I noticed you omitted fetching the day of week at >4030 (Sunday = 1). You might as well add it to make your package complete

[+TheBF]

1 hour ago, Vorticon said:

I noticed you omitted fetching the day of week at >4030 (Sunday = 1). You might as well add it to make your package complete

Good catch. I have all the "words" to do it now. 

[+TheBF]

So here is an even bigger version.  You probably never use all of this. It compiles to 1418 bytes.

But is has examples of how to manage this kind of stuff in Forth. 

 

Some concepts explored here:

I changed things up and used create/does>  to make clock "field readers" that all use the same code. This saves space.
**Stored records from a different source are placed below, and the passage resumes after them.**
lemma generic_data_basis_containing:
  assumes gen: "generic_data T x J" and "0 < vec.dim T" and "j \<in> J"
  obtains F where "j \<in> F" "F \<subseteq> J" "card F = vec.dim T"
proof -
  have "{j} \<subseteq> J" "card {j} \<le> vec.dim T" "vec.dim T \<le> card J"
    using generic_data_card[OF gen] assms(2,3) by auto
  then obtain F where "{j} \<subseteq> F" "F \<subseteq> J" "card F = vec.dim T"
    by (rule finite_subset_card_between[OF generic_data_finite[OF gen]])
  then show thesis
    using that by simp
qed

lemma generic_data_in_span:
  assumes gen: "generic_data T x J" and "0 < vec.dim T"
    and "F \<subseteq> J" "card F = vec.dim T" "j \<in> J"
  shows "x j \<in> vec.span (x ` F)"
proof -
  obtain F' where "j \<in> F'" "F' \<subseteq> J" "card F' = vec.dim T"
    using generic_data_basis_containing[OF gen assms(2,5)] .
  then have "x j \<in> vec.span (x ` F')"
    by (intro vec.span_base) simp
  also have "vec.span (x ` F') = vec.span (x ` F)"
    using generic_dataD(3)[OF gen] \<open>F' \<subseteq> J\<close> \<open>card F' = vec.dim T\<close> assms(3,4) by simp
  finally show ?thesis .
qed

lemma generic_data_nonzero:
  assumes gen: "generic_data T x J" and "0 < vec.dim T" and "j \<in> J"
  shows "x j \<noteq> 0"
proof -
  obtain F where "j \<in> F" "F \<subseteq> J" "card F = vec.dim T"
    using generic_data_basis_containing[OF gen assms(2,3)] .
  then have "vec.independent (x ` F)" "x j \<in> x ` F"
    using generic_dataD(2)[OF gen] by auto
  then show ?thesis
    using vec.dependent_zero[of "x ` F"] by auto
qed

lemma matrix_left_inverse_on_span:
  assumes "\<And>v. v \<in> X \<Longrightarrow> A *v (B *v v) = v" and "t \<in> vec.span X"
  shows "A *v (B *v t) = t"
proof -
  have "(A ** B - mat 1) *v t = 0"
    using assms(2)
  proof (rule vec.eq_0_on_span[rotated])
    show "(A ** B - mat 1) *v v = 0" if "v \<in> X" for v
      using assms(1)[OF that]
      by (simp add: matrix_vector_mult_diff_rdistrib matrix_vector_mul_assoc)
  qed
  then show ?thesis
    by (simp add: matrix_vector_mult_diff_rdistrib matrix_vector_mul_assoc)
qed

lemma generic_data_linear_image:
  fixes A :: "'a::field^'k^'m" and B :: "'a^'m^'k"
  assumes gen: "generic_data T x J" and AB: "\<And>j. j \<in> J \<Longrightarrow> A *v (B *v x j) = x j"
  shows "generic_data ((*v) B ` T) (\<lambda>j. B *v x j) J"
    and "vec.dim ((*v) B ` T) = vec.dim T"
proof -
  have "vec.dim T \<le> card J"
    using generic_data_card[OF gen] by simp
  then obtain F where "F \<subseteq> J" "card F = vec.dim T" "finite F"
    by (rule obtain_subset_with_card_n)
  then have T_span: "T = vec.span (x ` F)"
    using generic_dataD(3)[OF gen] by simp
  have AB_T: "A *v (B *v t) = t" if "t \<in> T" for t
  proof (rule matrix_left_inverse_on_span)
    show "A *v (B *v v) = v" if "v \<in> x ` F" for v
      using that \<open>F \<subseteq> J\<close> AB by auto
    show "t \<in> vec.span (x ` F)"
      using that T_span by simp
  qed
  then have inj_T: "inj_on ((*v) B) T"
    by (rule inj_on_inverseI)
  show dim_eq: "vec.dim ((*v) B ` T) = vec.dim T"
    using inj_T by (intro vec.dim_image_eq) (simp_all add: T_span vec.span_span)
  show "generic_data ((*v) B ` T) (\<lambda>j. B *v x j) J"
    unfolding generic_data_def dim_eq
  proof (intro conjI allI impI)
    show "vec.dim T < card J"
      using generic_data_card[OF gen] .
    fix F' assume F': "F' \<subseteq> J \<and> card F' = vec.dim T"
    then have x_F': "inj_on x F'" "vec.independent (x ` F')" "vec.span (x ` F') = T"
      using generic_dataD[OF gen] by auto
    have image_F': "(\<lambda>j. B *v x j) ` F' = (*v) B ` (x ` F')"
      by auto
    show "inj_on (\<lambda>j. B *v x j) F'"
    proof (rule inj_onI)
      fix a b assume ab: "a \<in> F'" "b \<in> F'" "B *v x a = B *v x b"
      then have "x a = x b"
        using AB F' by (metis subsetD)
      then show "a = b"
        using inj_onD[OF x_F'(1)] ab by blast
    qed
    show "vec.independent ((\<lambda>j. B *v x j) ` F')"
      unfolding image_F' using x_F' inj_T by (intro vec.independent_injective_image) simp_all
    show "vec.span ((\<lambda>j. B *v x j) ` F') = (*v) B ` T"
      unfolding image_F' vec.span_image x_F'(3) ..
  qed
qed

section \<open>Paths and powers of nonnegative matrices\<close>

lemma relpowp_mono_refl:
  assumes "G y y" "(G ^^ k) x y" "k \<le> k'"
  shows "(G ^^ k') x y"
  using assms(3)
proof (induction k' rule: dec_induct)
  case (step k')
  then show ?case using relpowp_Suc_I assms(1) by metis
qed (fact assms(2))

lemma relpowp_invariant:
  assumes "\<And>a b. G a b \<Longrightarrow> Q a \<Longrightarrow> Q b" "(G ^^ k) x y" "Q x"
  shows "Q y"
  using assms(2)
proof (induction k arbitrary: y)
  case (Suc k)
  then show ?case using assms(1) by (metis relpowp_Suc_E)
qed (simp add: assms(3))

lemma mpow_comm: "mpow A k ** A = A ** mpow A k"
  by (induction k) (simp_all add: matrix_mul_assoc[symmetric])

lemma mpow_transpose: "transpose A = A \<Longrightarrow> transpose (mpow A k) = mpow A k"
  by (induction k) (simp_all add: matrix_transpose_mul mpow_comm)

lemma mpow_of_real:
  "mpow (\<chi> i j. of_real (q $ i $ j) :: 'a::{comm_ring_1,real_algebra_1}^'n^'n) k
     = (\<chi> i j. of_real (mpow q k $ i $ j))"
  by (induction k) (simp_all add: matrix_matrix_mult_def mat_def vec_eq_iff of_real_sum)

lemma mpow_nonneg:
  fixes q :: "real^'n^'n"
  assumes "\<And>i j. 0 \<le> q $ i $ j"
  shows "0 \<le> mpow q k $ i $ j"
  by (induction k arbitrary: i j) (simp_all add: matrix_matrix_mult_def mat_def assms sum_nonneg)

lemma mpow_nonneg_neq_0_iff:
  fixes q :: "real^'n^'n"
  assumes "\<And>i j. 0 \<le> q $ i $ j"
  shows "mpow q k $ i $ j \<noteq> 0 \<longleftrightarrow> ((\<lambda>a b. q $ a $ b \<noteq> 0) ^^ k) i j"
proof (induction k arbitrary: i)
  case (Suc k)
  have "mpow q (Suc k) $ i $ j = 0 \<longleftrightarrow> (\<forall>l. q $ i $ l * mpow q k $ l $ j = 0)"
    using assms mpow_nonneg[OF assms]
    by (simp add: matrix_matrix_mult_def sum_nonneg_eq_0_iff)
  then show ?case
    using Suc by (auto simp: relpowp_Suc_left OO_def simp del: relpowp.simps)
qed (simp add: mat_def)

section \<open>Inner products, adjoints and the Moore-Penrose inverse\<close>

locale conjugation =
  fixes cj :: "'a::real_normed_field \<Rightarrow> 'a"
  assumes cj_add: "cj (x + y) = cj x + cj y"
  and cj_mult: "cj (x * y) = cj x * cj y"
  and cj_cj: "cj (cj x) = x"
  and cj_of_real: "cj (of_real r) = of_real r"
  and mult_cj: "x * cj x = of_real ((norm x)\<^sup>2)"
  and norm_cj: "norm (cj x) = norm x"
begin

lemma cj_0 [simp]: "cj 0 = 0"
  using cj_of_real[of 0] by simp

lemma cj_sum: "cj (sum f A) = (\<Sum>x\<in>A. cj (f x))"
  by (induction A rule: infinite_finite_induct) (auto simp: cj_add)

lemma cj_minus: "cj (- x) = - cj x"
  using cj_add[of x "- x"] by (simp add: eq_neg_iff_add_eq_0 add.commute)

lemma cj_diff: "cj (x - y) = cj x - cj y"
  using cj_add[of x "- y"] by (simp add: cj_minus)

lemma cj_eq_0_iff [simp]: "cj x = 0 \<longleftrightarrow> x = 0"
  by (metis cj_0 cj_cj)

lemmas cj_simps [simp] = cj_add cj_mult cj_cj cj_sum cj_minus cj_diff cj_of_real

definition cinner :: "'a^'n \<Rightarrow> 'a^'n \<Rightarrow> 'a" where
  "cinner x y = (\<Sum>k\<in>UNIV. x $ k * cj (y $ k))"

lemma cinner_commute: "cinner y x = cj (cinner x y)"
  by (simp add: cinner_def mult.commute)

lemma cinner_eq_0_commute: "cinner y x = 0 \<longleftrightarrow> cinner x y = 0"
  by (simp add: cinner_commute[of y x])

lemma cinner_diff_left: "cinner (x - y) z = cinner x z - cinner y z"
  by (simp add: cinner_def left_diff_distrib sum_subtractf)

lemma cinner_diff_right: "cinner z (x - y) = cinner z x - cinner z y"
  by (simp add: cinner_def right_diff_distrib sum_subtractf)

lemma cinner_zero_left [simp]: "cinner 0 z = 0"
  by (simp add: cinner_def)

lemma cinner_zero_right [simp]: "cinner z 0 = 0"
  by (simp add: cinner_def)

lemma cinner_self_eq_0 [simp]: "cinner x x = 0 \<longleftrightarrow> x = 0"
proof
  assume "cinner x x = 0"
  moreover have "cinner x x = of_real (\<Sum>k\<in>UNIV. (norm (x $ k))\<^sup>2)"
    by (simp only: cinner_def mult_cj of_real_sum)
  ultimately have "(\<Sum>k\<in>UNIV. (norm (x $ k))\<^sup>2) = 0"
    by (simp only: of_real_eq_0_iff)
  then have "\<forall>k. norm (x $ k) = 0"
    by (subst (asm) sum_nonneg_eq_0_iff) auto
  then show "x = 0" by (simp add: vec_eq_iff)
qed simp

lemma cinner_orthogonal_span:
  assumes "\<And>y. y \<in> Y \<Longrightarrow> cinner x y = 0" and "z \<in> vec.span Y"
  shows "cinner x z = 0"
  using assms(2)
proof (induction rule: vec.span_induct_alt)
  case (step c y z)
  then show ?case
    by (simp add: cinner_def distrib_left sum.distrib mult.left_commute
        flip: sum_distrib_left) (simp add: assms(1) flip: cinner_def)
qed simp

lemma cinner_orthogonal_span_left:
  assumes "\<And>y. y \<in> Y \<Longrightarrow> cinner y x = 0" and "z \<in> vec.span Y"
  shows "cinner z x = 0"
  using cinner_orthogonal_span[of Y x z] assms by (simp add: cinner_eq_0_commute)

lemma span_Un_orthogonal:
  assumes "z \<in> vec.span (X \<union> Y)"
    and "\<And>x y. x \<in> X \<Longrightarrow> y \<in> Y \<Longrightarrow> cinner y x = 0"
    and "\<And>x. x \<in> X \<Longrightarrow> cinner z x = 0"
  shows "z \<in> vec.span Y"
proof -
  obtain v v' where split: "z = v + v'" "v \<in> vec.span X" "v' \<in> vec.span Y"
    using assms(1) unfolding vec.span_Un by blast
  have "cinner v x = 0" if "x \<in> X" for x
  proof -
    have "cinner v' x = 0"
      using assms(2)[OF that] by (rule cinner_orthogonal_span_left[OF _ \<open>v' \<in> vec.span Y\<close>])
    then show ?thesis
      using assms(3)[OF that] cinner_diff_left[of z v' x] split(1) by simp
  qed
  then have "cinner v v = 0"
    by (rule cinner_orthogonal_span[OF _ \<open>v \<in> vec.span X\<close>])
  then show ?thesis
    using split by simp
qed

lemma adj_adj [simp]: "adj cj (adj cj A) = A"
  by (simp add: adj_def vec_eq_iff)

lemma adj_mult: "adj cj (A ** B) = adj cj B ** adj cj A"
  by (simp add: adj_def matrix_matrix_mult_def vec_eq_iff mult.commute)

lemma cinner_adj_right: "cinner (A *v x) y = cinner x (adj cj A *v y)"
proof -
  have "cinner (A *v x) y = (\<Sum>k\<in>UNIV. \<Sum>j\<in>UNIV. A $ k $ j * x $ j * cj (y $ k))"
    by (simp add: cinner_def matrix_vector_mult_def sum_distrib_right)
  also have "\<dots> = (\<Sum>j\<in>UNIV. \<Sum>k\<in>UNIV. A $ k $ j * x $ j * cj (y $ k))"
    by (rule sum.swap)
  also have "\<dots> = cinner x (adj cj A *v y)"
    by (simp add: cinner_def matrix_vector_mult_def adj_def sum_distrib_left mult_ac)
  finally show ?thesis .
qed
Created words that make it pretty simple to make the date format anything you like. 

Used compact string arrays that pack the strings end to end for months and days of the week

Spoiler

\ IDECLOCK.FTH       July 2024 B FOX

\ INCLUDE DSK1.TOOLS  ( DEBUG only)

HERE 
\ clock registers in memory 
HEX 
4020 CONSTANT secs   \ Register 0: Seconds. Valid values: >00 to >59.
4024 CONSTANT mins   \ Register 2: Minutes. Valid values: >00 to >59.
4028 CONSTANT hrs    \ Register 4: Hours. Valid values: >00 to >23, 

402C CONSTANT day    \ Register 6: Day of the month. Valid values: >01 through >31.
4030 CONSTANT dow    \ day of the week
4032 CONSTANT month  \ Register 9: Month. Valid values >01 to >12.
4034 CONSTANT year   \ Register 10: Year. Valid values >00 to >99.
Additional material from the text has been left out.